What you are asked to do:
Where does the string "assms" appear? Copy every line of the entries below that holds it.

Excerpted data:
lemma psd_cnj_entry:
  assumes "psd A" shows "cnj (A$i$j) = A$j$i"
proof -
  have "adjoint_mat A $ j $ i = A $ j $ i" using psd_adjoint[OF assms] by simp
  then show ?thesis by (simp add: adjoint_mat_def)
qed

lemma psd_diag_real:
  assumes "psd A" shows "A$k$k = of_real (Re (A$k$k))"
  using of_real_Re[OF nonnegative_complex_is_real[OF psd_diag_nonneg[OF assms]]] by simp

lemma psd_trace_nonneg: "psd M \<Longrightarrow> 0 \<le> mtrace M"
  by (simp add: mtrace_def sum_nonneg psd_diag_nonneg)

lemma psd_sum: "(\<And>k. k \<in> S \<Longrightarrow> psd (M k)) \<Longrightarrow> psd (\<Sum>k\<in>S. M k)"
  by (simp add: psd_iff_sesq_nonneg sesq_sum sum_nonneg)

lemma cnj_mult_self: "cnj z * z = of_real ((cmod z)\<^sup>2)"
  by (metis complex_norm_square mult.commute of_real_power)

lemma cnj_mult_self_nonneg: "0 \<le> cnj z * z"
  by (simp add: cnj_mult_self less_eq_complex_def)

lemma sesq_outer: "sesq (outer w w) v v = cnj (\<Sum>j\<in>UNIV. cnj (w$j) * v$j) * (\<Sum>j\<in>UNIV. cnj (w$j) * v$j)"
proof -
  have "cnj (\<Sum>j\<in>UNIV. cnj (w$j) * v$j) = (\<Sum>i\<in>UNIV. cnj (v$i) * w$i)"
    by (simp add: mult.commute)
  then show ?thesis by (simp add: sesq_def outer_def sum_product mult.assoc)
qed

lemma psd_outer: "psd (outer w w)"
  unfolding psd_iff_sesq_nonneg sesq_outer using cnj_mult_self_nonneg by blast

lemma psd_mat1: "psd (mat 1)"
  unfolding psd_iff_sesq_nonneg
proof
  fix v :: "complex^'n"
  have "sesq (mat 1) v v = (\<Sum>i\<in>UNIV. cnj (v$i) * v$i)"
    by (simp add: sesq_def mat_def if_distrib if_distribR cong: if_cong)
  then show "0 \<le> sesq (mat 1) v v"
    by (simp add: sum_nonneg cnj_mult_self_nonneg)
qed

lemma psd_zero: "psd 0"
  by (simp add: psd_iff_sesq_nonneg sesq_def)

lemma trace_mult_commute: "mtrace (A ** B) = mtrace (B ** A)"
  unfolding mtrace_def matrix_matrix_mult_def by (simp add: mult.commute) (rule sum.swap)

lemma trace_mult_outer: "mtrace (M ** outer v v) = sesq M v v"
  by (simp add: mtrace_def matrix_matrix_mult_def outer_def sesq_def sum_distrib_left mult_ac)

lemma trace_sum_mult: "mtrace ((\<Sum>k\<in>S. M k) ** B) = (\<Sum>k\<in>S. mtrace (M k ** B))"
  by (simp add: mtrace_def matrix_matrix_mult_def sum_distrib_right sum.swap[where B = S])

lemma trace_diff_mult: "mtrace ((A - B) ** C) = mtrace (A ** C) - mtrace (B ** C)"
  by (simp add: mtrace_def matrix_matrix_mult_def left_diff_distrib sum_subtractf)

lemma trace_scaleR_mult: "mtrace ((t *\<^sub>R A) ** B) = t *\<^sub>R mtrace (A ** B)"
  by (simp add: mtrace_def scalar_matrix_assoc[symmetric] scaleR_sum_right)

lemma real_quadratic_nonneg_bound:
  fixes q b d :: real
  assumes nonneg: "\<And>s. 0 \<le> q - 2 * s * b + s\<^sup>2 * b * d" and "0 \<le> d"
  shows "b \<le> d * q"
proof (cases "d = 0")
  case True
  have "b = 0"
  proof (rule ccontr)
    assume "b \<noteq> 0"
    then have "2 * ((q + 1) / (2 * b)) * b = q + 1" by simp
    with nonneg[of "(q + 1) / (2 * b)"] True show False by simp
  qed
  with True show ?thesis by simp
next
  case False
  with \<open>0 \<le> d\<close> have "0 < d" by simp
  then have "(1 / d)\<^sup>2 * b * d = b / d" by (simp add: power2_eq_square)
  with nonneg[of "1 / d"] have "b / d \<le> q" by simp
  with \<open>0 < d\<close> show ?thesis by (simp add: pos_divide_le_eq mult.commute)
qed

lemma psd_cauchy_schwarz:
  assumes "psd A"
  shows "(cmod ((A *v v)$k))\<^sup>2 \<le> Re (A$k$k) * Re (sesq A v v)"
proof (rule real_quadratic_nonneg_bound)
  define z where "z = (A *v v)$k"
  have "sesq A v (axis k c) = c * cnj z" for c
    using cnj_sesq[of A "axis k c" v] psd_adjoint[OF assms] by (simp add: sesq_axis_left z_def)
  then have expand: "sesq A (v + axis k c) (v + axis k c)
      = sesq A v v + c * cnj z + cnj c * z + cnj c * A$k$k * c" for c
    by (simp add: sesq_add_left sesq_add_right sesq_axis_left matrix_vector_mult_axis_nth z_def)
  fix s :: real
  have shifted: "sesq A (v + axis k (- of_real s * z)) (v + axis k (- of_real s * z))
      = sesq A v v - of_real (2 * s * (cmod z)\<^sup>2 - s\<^sup>2 * (cmod z)\<^sup>2 * Re (A$k$k))"
    unfolding expand cmod_power2
    by (subst psd_diag_real[OF assms]) (simp add: complex_eq_iff algebra_simps power2_eq_square)
  have "0 \<le> Re (sesq A v v - of_real (2 * s * (cmod z)\<^sup>2 - s\<^sup>2 * (cmod z)\<^sup>2 * Re (A$k$k)))"
    using psd_sesq_nonneg[OF assms] unfolding shifted[symmetric] by (simp add: less_eq_complex_def)
  then show "0 \<le> Re (sesq A v v) - 2 * s * (cmod z)\<^sup>2 + s\<^sup>2 * (cmod z)\<^sup>2 * Re (A$k$k)"
    by simp
next
  show "0 \<le> Re (A$k$k)"
    using psd_diag_nonneg[OF assms] by (simp add: less_eq_complex_def)
qed
theorem lemma37:
  fixes X :: "('n::finite \<Rightarrow> complex) set" and A :: "('n \<Rightarrow> nat) set"
  assumes "finite X" and "finite A"
    and "deg_reducing_interp_space (Pi_A A) X"
  shows "\<exists>ip. inner_product ip \<and> {p. reduced ip (vanishing_ideal X) p} = Pi_A A"
proof (intro exI conjI)
  show "inner_product (interp_inner A X)"
    using assms(3) by (rule inner_product_interp_inner)
  show "{p. reduced (interp_inner A X) (vanishing_ideal X) p} = Pi_A A"
    using reduced_if_in_Pi_A[OF assms(3)] in_Pi_A_if_reduced[OF assms(3)] by blast
qed

end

Exercise solution:
  have "adjoint_mat A $ j $ i = A $ j $ i" using psd_adjoint[OF assms] by simp
  using of_real_Re[OF nonnegative_complex_is_real[OF psd_diag_nonneg[OF assms]]] by simp
    using cnj_sesq[of A "axis k c" v] psd_adjoint[OF assms] by (simp add: sesq_axis_left z_def)
    by (subst psd_diag_real[OF assms]) (simp add: complex_eq_iff algebra_simps power2_eq_square)
    using psd_sesq_nonneg[OF assms] unfolding shifted[symmetric] by (simp add: less_eq_complex_def)
    using psd_diag_nonneg[OF assms] by (simp add: less_eq_complex_def)
    using assms(3) by (rule inner_product_interp_inner)
    using reduced_if_in_Pi_A[OF assms(3)] in_Pi_A_if_reduced[OF assms(3)] by blast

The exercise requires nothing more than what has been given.